Ph.D Thesis

Ph.D StudentKatz Omer
SubjectStatistical Approaches to Reverse Engineering
DepartmentDepartment of Computer Science
Supervisor PROF. Eran Yahav
Full Thesis textFull thesis text - English Version


Software affects all aspects of our lives. More and more industries and products incorporate software as a core component, and we routinely place our trust in software. If that software fails, either due to an attack or an error, it can have major implications for users, industries, and society. As the impact of software grows rapidly, it is imperative that we raise the level of confidence in its correctness.

One way to make sure that software is free from vulnerabilities and back-doors is to understand how it works, for example by inspecting its source code. However, the vast majority of software is delivered in binary form, without source code. When source code is not available, reverse engineering is required to lift software in low-level representation (typically machine code) to higher-level presentation that can be understood by humans. Reverse engineering is notoriously hard and requires extensive manual effort by experts.

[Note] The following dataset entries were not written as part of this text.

(* Let $s\geq 2$ be an integer. Among the complete graphs $K_m$ with $m\geq s+2$, there are exactly $s-1$ for which there exists a function $g:A\to B$ with $|g(A)|=s$ and $fix(K_m)=fix(F_{K_m})$; namely these are $K_{s+2},K_{s+3},\dots,K_{2s}$.
   Context: A set $S\subseteq V(H)$ is a fixing set of a graph $H$ if the only automorphism of $H$ fixing every vertex of $S$ is the identity; $fix(H)$ is the minimum cardinality of a fixing set of $H$. Functigraph: let $G_1,G_2$ be disjoint copies of a connected graph $G$, with $A=V(G_1)$, $B=V(G_2)$, and let $g:A\to B$ be a function. The functigraph $F_G$ has vertex set $A\cup B$ and edge set $E(G_1)\cup E(G_2)\cup\{ug(u):u\in A\}$. *)

theory Defs
  imports Main
begin

text \<open>Automorphisms are bijections of V preserving adjacency
and non-adjacency; two automorphisms are identified if they agree on V.\<close>

definition automorphism :: "'a set \<Rightarrow> ('a \<Rightarrow> 'a \<Rightarrow> bool) \<Rightarrow> ('a \<Rightarrow> 'a) \<Rightarrow> bool" where
  "automorphism V E \<sigma> \<longleftrightarrow> bij_betw \<sigma> V V \<and>
     (\<forall>x\<in>V. \<forall>y\<in>V. E x y \<longleftrightarrow> E (\<sigma> x) (\<sigma> y))"

definition fixing_set :: "'a set \<Rightarrow> ('a \<Rightarrow> 'a \<Rightarrow> bool) \<Rightarrow> 'a set \<Rightarrow> bool" where
  "fixing_set V E S \<longleftrightarrow> S \<subseteq> V \<and>
     (\<forall>\<sigma>. automorphism V E \<sigma> \<and> (\<forall>x\<in>S. \<sigma> x = x) \<longrightarrow> (\<forall>x\<in>V. \<sigma> x = x))"

definition fix_number :: "'a set \<Rightarrow> ('a \<Rightarrow> 'a \<Rightarrow> bool) \<Rightarrow> nat" where
  "fix_number V E = (LEAST n. \<exists>S. fixing_set V E S \<and> card S = n)"

definition K_verts :: "nat \<Rightarrow> nat set" where
  "K_verts m = {0..<m}"

definition K_edge :: "nat \<Rightarrow> nat \<Rightarrow> bool" where
  "K_edge x y \<longleftrightarrow> x \<noteq> y"

text \<open>Functigraph of (V,E) with respect to g : A \<rightarrow> B, where A = Inl ` V is
the first copy and B = Inr ` V the second copy; g is given as a map V \<rightarrow> V
(Inl x is sent to Inr (g x)).\<close>

definition fg_verts :: "'a set \<Rightarrow> ('a + 'a) set" where
  "fg_verts V = Inl ` V \<union> Inr ` V"

fun fg_edge :: "('a \<Rightarrow> 'a \<Rightarrow> bool) \<Rightarrow> ('a \<Rightarrow> 'a) \<Rightarrow> 'a + 'a \<Rightarrow> 'a + 'a \<Rightarrow> bool" where
  "fg_edge E g (Inl x) (Inl y) = E x y"
| "fg_edge E g (Inr x) (Inr y) = E x y"
| "fg_edge E g (Inl x) (Inr y) = (y = g x)"
| "fg_edge E g (Inr y) (Inl x) = (y = g x)"

end

(*
  In the functigraph of K_m with |g(V)| = s, three kinds of transpositions are automorphisms:
  swapping two vertices of the first copy with the same image, swapping two non-image vertices
  of the second copy, and swapping two vertices with singleton fibres together with their
  images.  A fixing set must break all of them, which gives the lower bound
  (m - s) + (m - s - 1) + (#singleton fibres - 1); since fix(K_m) = m - 1 this forces m <= 2s.
  For m = s + p with 2 <= p <= s an explicit g attains m - 1, and a fixing set of that size
  exists because an automorphism fixing a non-image vertex of the second copy preserves both
  copies and is then determined by its action on images.
*)

theory Submission
  imports Defs "HOL-Combinatorics.Transposition"
begin

lemma fix_number_eqI:
  assumes "fixing_set V E S" "card S = n" "\<And>T. fixing_set V E T \<Longrightarrow> n \<le> card T"
  shows "fix_number V E = n"
  unfolding fix_number_def by (rule Least_equality) (use assms in auto)

lemma fix_number_geI:
  assumes "\<And>S. fixing_set V E S \<Longrightarrow> n \<le> card S"
  shows "n \<le> fix_number V E"
proof -
  have "\<exists>S. fixing_set V E S \<and> card S = fix_number V E"
    unfolding fix_number_def by (rule LeastI_ex) (auto simp: fixing_set_def)
  then show ?thesis using assms by force
qed

lemma inj_on_fixes_all_but_one:
  assumes inj: "inj_on f A" and maps: "f ` A \<subseteq> A" and fixed: "\<And>x. x \<in> A \<Longrightarrow> x \<noteq> a \<Longrightarrow> f x = x"
  shows "\<forall>x\<in>A. f x = x"
proof
  fix x assume x: "x \<in> A"
  show "f x = x"
  proof (rule ccontr)
    assume moved: "f x \<noteq> x"
    then have "x = a" using fixed x by blast
    have "f x \<in> A" using maps x by blast
    moreover have "f x \<noteq> a" using moved \<open>x = a\<close> by simp
    ultimately have "f (f x) = f x" by (rule fixed)
    then show False using inj_onD[OF inj _ \<open>f x \<in> A\<close> x] moved by blast
  qed
qed

lemma card_Int_add_card_Int_le:
  assumes "finite A" "B \<inter> C = {}"
  shows "card (A \<inter> B) + card (A \<inter> C) \<le> card A"
proof -
  have "card (A \<inter> B) + card (A \<inter> C) = card (A \<inter> B \<union> A \<inter> C)"
    using assms by (intro card_Un_disjoint[symmetric]) auto
  also have "\<dots> \<le> card A" using assms(1) by (intro card_mono) auto
  finally show ?thesis .
qed

lemma Plus_vimage_Inl_Inr: "Inl -` S <+> Inr -` S = S"
proof (rule set_eqI)
  fix v show "v \<in> Inl -` S <+> Inr -` S \<longleftrightarrow> v \<in> S" by (cases v) auto
qed

lemma automorphism_complete_iff: "automorphism V K_edge f \<longleftrightarrow> bij_betw f V V"
  unfolding automorphism_def K_edge_def
  by (auto dest: bij_betw_imp_inj_on inj_onD)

This thesis focuses on techniques that assist reverse engineering. We tackle several reverse engineering challenges and provide statistical solutions. Some previous advances on these problems have been made but a solution applicable to realistic software remained unachievable, often due to computational complexity. The main idea behind our statistical solutions is to trade off precision for computational feasibility. These solutions are effective in focusing and directing reverse engineering efforts, and can be directly used for improving the level of software security.

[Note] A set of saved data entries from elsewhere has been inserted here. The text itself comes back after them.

text \<open>The coefficient of \<open>x^i\<close> in \<open>(x - 1)^n = x^n (1 - 1/x)^n\<close>, expanded in powers of \<open>1/x\<close>;
  for \<open>n < 0\<close> the coefficient \<open>(-1)^k (n gchoose k)\<close> of \<open>(1 - 1/x)^n\<close> with \<open>k = n - i\<close>
  equals \<open>binom (-i - 1) k\<close>.\<close>

definition laurent_coeff :: "int \<Rightarrow> int \<Rightarrow> int" where
  "laurent_coeff i n = (if 0 \<le> n then (-1) ^ nat (n - i) * binom n i else binom (- i - 1) (n - i))"

lemma laurent_coeff_eq_0: "n < i \<Longrightarrow> laurent_coeff i n = 0"
  by (simp add: laurent_coeff_def binom_def binomial_eq_0)

lemma xcoeff_x_minus_1_power: "xcoeff ([:-1, 1:] ^ n) i = laurent_coeff i (int n)"
proof (cases "i < 0")
  case True
  then show ?thesis by (simp add: xcoeff_def laurent_coeff_def binom_def)
next
  case False
  then obtain k where i: "i = int k" using nonneg_int_cases by (metis not_less)
  have "nat (int n - int k) = n - k" by simp
  then show ?thesis by (simp add: i xcoeff_def laurent_coeff_def binom_def coeff_x_minus_1_power)
qed

lemma of_int_laurent_coeff:
  assumes "i \<le> n"
  shows "of_int (laurent_coeff i n) = (of_int (- i - 1) :: real) gchoose nat (n - i)"
proof (cases "0 \<le> n")
  case True
  then obtain m where n: "n = int m" using nonneg_int_cases by blast
  have "(of_int (- i - 1) :: real) gchoose nat (n - i)
      = (-1) ^ nat (n - i) * (of_nat m gchoose nat (n - i))"
    using assms by (subst gbinomial_negated_upper) (simp add: n)
  also have "\<dots> = (-1) ^ nat (n - i) * of_int (binom n (n - i))"
    using assms by (simp add: n binom_def flip: binomial_gbinomial)
  finally show ?thesis using True by (simp add: laurent_coeff_def flip: binom_symmetric)
next
  case False
  then have "(of_int (- i - 1) :: real) = of_nat (nat (- i - 1))"
    using assms by simp
  then show ?thesis
    using False assms by (simp add: laurent_coeff_def binom_def binomial_gbinomial)
qed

We first discuss the problem of identifying targets of virtual function calls in optimized stripped binaries. This is a crucial step towards understanding the control flow of the binary. It is crucial both for manual reverse engineering and for automatic analysis. Our solution relies on object tracelets --- sequences of operations applied to an object --- which represent how an instance of a type is used in practice, and the subtle differences between usages of different types.

We then tackle the problem of reconstructing type hierarchies in optimized stripped binaries. We measure a similarity between types based on similarity of usage patterns, which we elevate to a full hierarchy. Such a hierarchy is needed for understanding a given binary. Furthermore, it is essential for augmenting existing binaries with security mechanisms such as control flow integrity.

Finally, we examine the challenge of automatic decompilation. This challenge is the pinnacle of reverse engineering. Automatically decompiling low-level code back to human-readable equivalent code makes it accessible to a wider range of programmers. It also allows modification and recompilation of the code as needed. We present a new approach and a new point-of-view for this problem by framing it as a language translation problem.

Throughout this thesis, we borrow insights and methods from machine learning and natural language processing. We combine those with programming languages techniques, resulting in solutions much more powerful than achievable by each field separately.

The approaches specified in this thesis were implemented as prototypes and evaluated using real-world binaries and code. Our evaluation shows the benefits of each approach compared to traditional solutions, and its effectiveness in understanding and securing software.